**How to complete this task**
What is needed is an exact retyping of the records below, from the first line through the line that contains "(barycenter \<rho>) y < c".

[Items listed in a dataset]
lemma fold_map_mem_std_simplices:
  assumes "\<rho> \<noteq> {}" "a \<notin> \<rho>" "b \<notin> \<rho>" "a \<noteq> b"
    and y: "y \<in> affine hull ((\<lambda>v. axis v 1) ` insert a \<rho>)"
    and near: "dist (barycenter \<rho>) y < 1 / (4 * real (card \<rho>))"
  shows "fold_map a b \<rho> y \<in> std_simplex (insert a \<rho>) \<union> std_simplex (insert b \<rho>)"
proof -
  define c where "c = 1 / real (card \<rho>)"
  have "0 < card \<rho>"
    using assms(1) by (simp add: card_gt_0_iff)
  then have c: "0 < c" "c \<le> 1"
    by (simp_all add: c_def)
  have near_c: "dist (barycenter \<rho>) y < c / 4"
    using near by (simp add: c_def field_simps)
  have y_\<rho>: "3 / 4 * c < y $ i" if "i \<in> \<rho>" for i
    using nth_gt_of_dist_less[OF near_c, of i] that by (simp add: barycenter_def c_def)
  show ?thesis
  proof (cases "0 \<le> y $ a")
    case True
    then show ?thesis
      using fold_map_mem_std_simplex_if_nonneg[OF y] y_\<rho> c by force
  next
    case False
    have "- c / 4 < y $ a"
      using nth_gt_of_dist_less[OF near_c, of a] assms(2) by (simp add: barycenter_def)
    moreover have "y $ a * 2 \<le> y $ a * (2 * c)"
      using False c by (intro mult_left_mono_neg) auto
    ultimately have "0 \<le> y $ i + y $ a * (2 * c)" if "i \<in> \<rho>" for i
      using y_\<rho>[OF that] c by linarith
    moreover have "y $ a * (2 / real (card \<rho>)) = y $ a * (2 * c)"
      by (simp add: c_def)
    ultimately have "\<forall>i\<in>\<rho>. 0 \<le> y $ i + y $ a * (2 / real (card \<rho>))"
      by simp
    then show ?thesis
      using fold_map_mem_std_simplex_if_neg[OF assms(1-4) y] False by simp
  qed
qed

lemma fold_map_neighbourhood:
  fixes \<rho> :: "'v::finite set"
  assumes "\<rho> \<noteq> {}" "a \<notin> \<rho>" "b \<notin> \<rho>" "a \<noteq> b"
  obtains U where "openin (top_of_set (affine hull ((\<lambda>v. axis v 1) ` insert a \<rho>))) U"
    "inj_on (fold_map a b \<rho>) U" "barycenter \<rho> \<in> fold_map a b \<rho> ` U"
    "fold_map a b \<rho> ` U \<subseteq> std_simplex (insert a \<rho>) \<union> std_simplex (insert b \<rho>)"
proof -
  define A :: "(real^'v) set" where "A = affine hull ((\<lambda>v. axis v 1) ` insert a \<rho>)"
  define U where "U = A \<inter> ball (barycenter \<rho>) (1 / (4 * real (card \<rho>)))"
  have "openin (top_of_set A) U"
    unfolding U_def by (simp add: openin_open_Int)
  moreover have "U \<subseteq> {y. y $ b = 0}"
    using affine_hull_axes_subset[of "insert a \<rho>"] assms(3,4) unfolding U_def A_def by auto
  then have "inj_on (fold_map a b \<rho>) U"
    using inj_on_fold_map[OF assms(4,3)] inj_on_subset by blast
  moreover have "barycenter \<rho> \<in> U"
    using barycenter_in_std_simplex[OF assms(1), of "insert a \<rho>"] convex_hull_subset_affine_hull
      assms(1)
    unfolding U_def A_def by (auto simp: card_gt_0_iff)
  then have "barycenter \<rho> \<in> fold_map a b \<rho> ` U"
    using fold_map_barycenter[OF assms(2)] by (metis image_eqI)
  moreover have "fold_map a b \<rho> y \<in> std_simplex (insert a \<rho>) \<union> std_simplex (insert b \<rho>)"
    if "y \<in> U" for y
    using that fold_map_mem_std_simplices[OF assms, of y] unfolding U_def A_def by simp
  then have "fold_map a b \<rho> ` U \<subseteq> std_simplex (insert a \<rho>) \<union> std_simplex (insert b \<rho>)"
    by blast
  ultimately show thesis
    using that unfolding A_def by blast
qed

**Task answer**
lemma fold_map_mem_std_simplices:
  assumes "\<rho> \<noteq> {}" "a \<notin> \<rho>" "b \<notin> \<rho>" "a \<noteq> b"
    and y: "y \<in> affine hull ((\<lambda>v. axis v 1) ` insert a \<rho>)"
    and near: "dist (barycenter \<rho>) y < 1 / (4 * real (card \<rho>))"
  shows "fold_map a b \<rho> y \<in> std_simplex (insert a \<rho>) \<union> std_simplex (insert b \<rho>)"
proof -
  define c where "c = 1 / real (card \<rho>)"
  have "0 < card \<rho>"
    using assms(1) by (simp add: card_gt_0_iff)
  then have c: "0 < c" "c \<le> 1"
    by (simp_all add: c_def)
  have near_c: "dist (barycenter \<rho>) y < c / 4"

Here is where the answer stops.